Task statement :: Give the number of lines in these entries that contain "obtain", and nothing more.

(Collected data entries)
(* Let $(s_i)_{i\in\mathbb{Z}}$ be a strictly increasing bi-infinite real sequence, unbounded above and below, and let $F:\mathbb{R}^2\to\mathbb{R}^d$ satisfy $$F(s,t)=\frac{s-s_i}{s_{i+1}-s_i}F(s_{i+1},t)+\frac{s_{i+1}-s}{s_{i+1}-s_i}F(s_i,t),\qquad s\in[s_i,s_{i+1}],\ t\in\mathbb{R},\ i\in\mathbb{Z}.$$ Suppose $\|[\sigma_1,\sigma_2;\tau_1,\tau_2]F\|_\infty\le L$ whenever $\sigma_1\ne\sigma_2$ both lie in $[s_i,s_{i+1}]$ for some $i\in\mathbb{Z}$ and $\tau_1\ne\tau_2$ are arbitrary reals. Then $F$ has the BMSDD property with constant $L$ in $\mathbb{R}^2$.
   Context: For $\sigma_1\ne\sigma_2$, $\tau_1\ne\tau_2$, $[\sigma_1,\sigma_2;\tau_1,\tau_2]F=\frac{F(\sigma_1,\tau_1)+F(\sigma_2,\tau_2)-F(\sigma_2,\tau_1)-F(\sigma_1,\tau_2)}{(\sigma_1-\sigma_2)(\tau_1-\tau_2)}$. $F$ has the BMSDD property with constant $L$ in $\mathbb{R}^2$ if $\|[\sigma_1,\sigma_2;\tau_1,\tau_2]F\|_\infty\le L$ for all reals $\sigma_1\ne\sigma_2$, $\tau_1\ne\tau_2$. *)

theory Defs
  imports "HOL-Analysis.Analysis"
begin

definition mixed_dd :: "(real \<Rightarrow> real \<Rightarrow> real^'d) \<Rightarrow> real \<Rightarrow> real \<Rightarrow> real \<Rightarrow> real \<Rightarrow> real^'d" where
  "mixed_dd F \<sigma>1 \<sigma>2 \<tau>1 \<tau>2 =
     (1 / ((\<sigma>1 - \<sigma>2) * (\<tau>1 - \<tau>2))) *\<^sub>R (F \<sigma>1 \<tau>1 + F \<sigma>2 \<tau>2 - F \<sigma>2 \<tau>1 - F \<sigma>1 \<tau>2)"

definition sup_norm :: "real^'d \<Rightarrow> real" where
  "sup_norm x = Max (range (\<lambda>k. \<bar>x $ k\<bar>))"

definition BMSDD :: "(real \<Rightarrow> real \<Rightarrow> real^'d) \<Rightarrow> real \<Rightarrow> bool" where
  "BMSDD F L \<longleftrightarrow> (\<forall>\<sigma>1 \<sigma>2 \<tau>1 \<tau>2. \<sigma>1 \<noteq> \<sigma>2 \<longrightarrow> \<tau>1 \<noteq> \<tau>2 \<longrightarrow>
      sup_norm (mixed_dd F \<sigma>1 \<sigma>2 \<tau>1 \<tau>2) \<le> L)"

end

theory Submission
  imports Defs
begin

text \<open>For fixed \<open>\<tau>1 \<noteq> \<tau>2\<close> and a coordinate \<open>k\<close>, a bound \<open>L\<close> on the mixed divided differences
  with \<open>\<sigma>1, \<sigma>2\<close> in a set \<open>U\<close> says exactly that \<open>\<sigma> \<mapsto> (F \<sigma> \<tau>1 - F \<sigma> \<tau>2) $ k\<close> is
  \<open>L \<bar>\<tau>1 - \<tau>2\<bar>\<close>-Lipschitz on \<open>U\<close>. Lipschitz bounds on the consecutive cells \<open>[s i, s (i+1)]\<close>
  of a grid exhausting the real line glue to a Lipschitz bound on all of \<open>\<real>\<close>, by the
  triangle inequality through the grid points.\<close>

lemma lipschitz_on_grid_cells_chain:
  fixes s :: "int \<Rightarrow> real" and h :: "real \<Rightarrow> 'a::metric_space"
  assumes cells: "\<And>i. C-lipschitz_on {s i .. s (i + 1)} h"
  shows "C-lipschitz_on {s i .. s (i + int n)} h"
proof (induction n)
  case 0
  show ?case
    using lipschitz_on_nonneg[OF cells] by (simp add: lipschitz_on_singleton)
next
  case (Suc n)
  have "C-lipschitz_on {s i .. s (i + int n + 1)} (\<lambda>x. if x \<le> s (i + int n) then h x else h x)"
    by (rule lipschitz_on_concat[OF Suc.IH cells refl])
  then show ?case
    by (simp add: ac_simps)
qed

lemma lipschitz_on_UNIV_if_grid_cells:
  fixes s :: "int \<Rightarrow> real" and h :: "real \<Rightarrow> 'a::metric_space"
  assumes mono: "strict_mono s"
    and above: "\<forall>M. \<exists>i. s i > M"
    and below: "\<forall>M. \<exists>i. s i < M"
    and cells: "\<And>i. C-lipschitz_on {s i .. s (i + 1)} h"
  shows "C-lipschitz_on UNIV h"
proof (rule lipschitz_onI)
  fix x y :: real
  obtain i where i: "s i < min x y" using below by blast
  obtain j where j: "s j > max x y" using above by blast
  have "s i < s j" using i j by linarith
  then have "i < j" using mono by (simp add: strict_mono_less)
  then have "j = i + int (nat (j - i))" by simp
  then have "{x, y} \<subseteq> {s i .. s (i + int (nat (j - i)))}"
    using i j by auto
  then show "dist (h x) (h y) \<le> C * dist x y"
    using lipschitz_on_grid_cells_chain[where s=s and h=h, OF cells] by (meson insert_subset lipschitz_onD)
next
  show "0 \<le> C" using lipschitz_on_nonneg[OF cells] .
qed

lemma sup_norm_le_iff: "sup_norm x \<le> L \<longleftrightarrow> (\<forall>k. \<bar>x $ k\<bar> \<le> L)"
  unfolding sup_norm_def by (subst Max_le_iff) auto

lemma mixed_dd_component:
  "mixed_dd F \<sigma>1 \<sigma>2 \<tau>1 \<tau>2 $ k =
     ((F \<sigma>1 \<tau>1 - F \<sigma>1 \<tau>2) $ k - (F \<sigma>2 \<tau>1 - F \<sigma>2 \<tau>2) $ k) / ((\<sigma>1 - \<sigma>2) * (\<tau>1 - \<tau>2))"
proof -
  have "F \<sigma>1 \<tau>1 + F \<sigma>2 \<tau>2 - F \<sigma>2 \<tau>1 - F \<sigma>1 \<tau>2 = (F \<sigma>1 \<tau>1 - F \<sigma>1 \<tau>2) - (F \<sigma>2 \<tau>1 - F \<sigma>2 \<tau>2)"
    by (simp add: algebra_simps)
  then show ?thesis
    unfolding mixed_dd_def by simp
qed

lemma lipschitz_on_difference_iff_mixed_dd_le:
  fixes F :: "real \<Rightarrow> real \<Rightarrow> real^'d"
  assumes "\<tau>1 \<noteq> \<tau>2" and "0 \<le> L"
  shows "(L * \<bar>\<tau>1 - \<tau>2\<bar>)-lipschitz_on U (\<lambda>\<sigma>. (F \<sigma> \<tau>1 - F \<sigma> \<tau>2) $ k) \<longleftrightarrow>
    (\<forall>\<sigma>1\<in>U. \<forall>\<sigma>2\<in>U. \<sigma>1 \<noteq> \<sigma>2 \<longrightarrow> \<bar>mixed_dd F \<sigma>1 \<sigma>2 \<tau>1 \<tau>2 $ k\<bar> \<le> L)"
proof -
  have "dist ((F \<sigma>1 \<tau>1 - F \<sigma>1 \<tau>2) $ k) ((F \<sigma>2 \<tau>1 - F \<sigma>2 \<tau>2) $ k)
          \<le> L * \<bar>\<tau>1 - \<tau>2\<bar> * dist \<sigma>1 \<sigma>2 \<longleftrightarrow> \<bar>mixed_dd F \<sigma>1 \<sigma>2 \<tau>1 \<tau>2 $ k\<bar> \<le> L"
    if "\<sigma>1 \<noteq> \<sigma>2" for \<sigma>1 \<sigma>2
    using that assms(1)
    by (simp add: mixed_dd_component dist_real_def abs_divide abs_mult divide_le_eq ac_simps)
  then show ?thesis
    using assms unfolding lipschitz_on_def by (metis dist_self mult_nonneg_nonneg abs_ge_zero zero_le_dist)
qed

theorem lemma6:
  fixes s :: "int \<Rightarrow> real" and F :: "real \<Rightarrow> real \<Rightarrow> real^'d" and L :: real
  assumes mono: "strict_mono s"
    and above: "\<forall>M. \<exists>i. s i > M"
    and below: "\<forall>M. \<exists>i. s i < M"
    and interp: "\<And>i s' t. s i \<le> s' \<Longrightarrow> s' \<le> s (i + 1) \<Longrightarrow>
        F s' t = ((s' - s i) / (s (i + 1) - s i)) *\<^sub>R F (s (i + 1)) t
               + ((s (i + 1) - s') / (s (i + 1) - s i)) *\<^sub>R F (s i) t"
    and local_bound: "\<And>i \<sigma>1 \<sigma>2 \<tau>1 \<tau>2.
        \<sigma>1 \<in> {s i .. s (i + 1)} \<Longrightarrow> \<sigma>2 \<in> {s i .. s (i + 1)} \<Longrightarrow> \<sigma>1 \<noteq> \<sigma>2 \<Longrightarrow> \<tau>1 \<noteq> \<tau>2 \<Longrightarrow>
        sup_norm (mixed_dd F \<sigma>1 \<sigma>2 \<tau>1 \<tau>2) \<le> L"
  shows "BMSDD F L"
  unfolding BMSDD_def
proof (intro allI impI)
  fix \<sigma>1 \<sigma>2 \<tau>1 \<tau>2 :: real
  assume "\<sigma>1 \<noteq> \<sigma>2" and "\<tau>1 \<noteq> \<tau>2"
  have "s 0 \<noteq> s (0 + 1)"
    using mono by (simp add: strict_mono_eq)
  then have "0 \<le> L"
    using local_bound[of "s 0" 0 "s (0 + 1)" 0 1] mono
    by (simp add: sup_norm_le_iff strict_mono_less_eq) (meson abs_ge_zero order_trans)
  have "(L * \<bar>\<tau>1 - \<tau>2\<bar>)-lipschitz_on UNIV (\<lambda>\<sigma>. (F \<sigma> \<tau>1 - F \<sigma> \<tau>2) $ k)" for k
  proof (rule lipschitz_on_UNIV_if_grid_cells[OF mono above below])
    fix i
    show "(L * \<bar>\<tau>1 - \<tau>2\<bar>)-lipschitz_on {s i .. s (i + 1)} (\<lambda>\<sigma>. (F \<sigma> \<tau>1 - F \<sigma> \<tau>2) $ k)"
      unfolding lipschitz_on_difference_iff_mixed_dd_le[OF \<open>\<tau>1 \<noteq> \<tau>2\<close> \<open>0 \<le> L\<close>]
      using local_bound \<open>\<tau>1 \<noteq> \<tau>2\<close> by (simp add: sup_norm_le_iff)
  qed
  then have "\<bar>mixed_dd F \<sigma>1 \<sigma>2 \<tau>1 \<tau>2 $ k\<bar> \<le> L" for k
    unfolding lipschitz_on_difference_iff_mixed_dd_le[OF \<open>\<tau>1 \<noteq> \<tau>2\<close> \<open>0 \<le> L\<close>]
    using \<open>\<sigma>1 \<noteq> \<sigma>2\<close> by blast
  then show "sup_norm (mixed_dd F \<sigma>1 \<sigma>2 \<tau>1 \<tau>2) \<le> L"
    by (simp add: sup_norm_le_iff)
qed

end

Answer for this exercise :: 2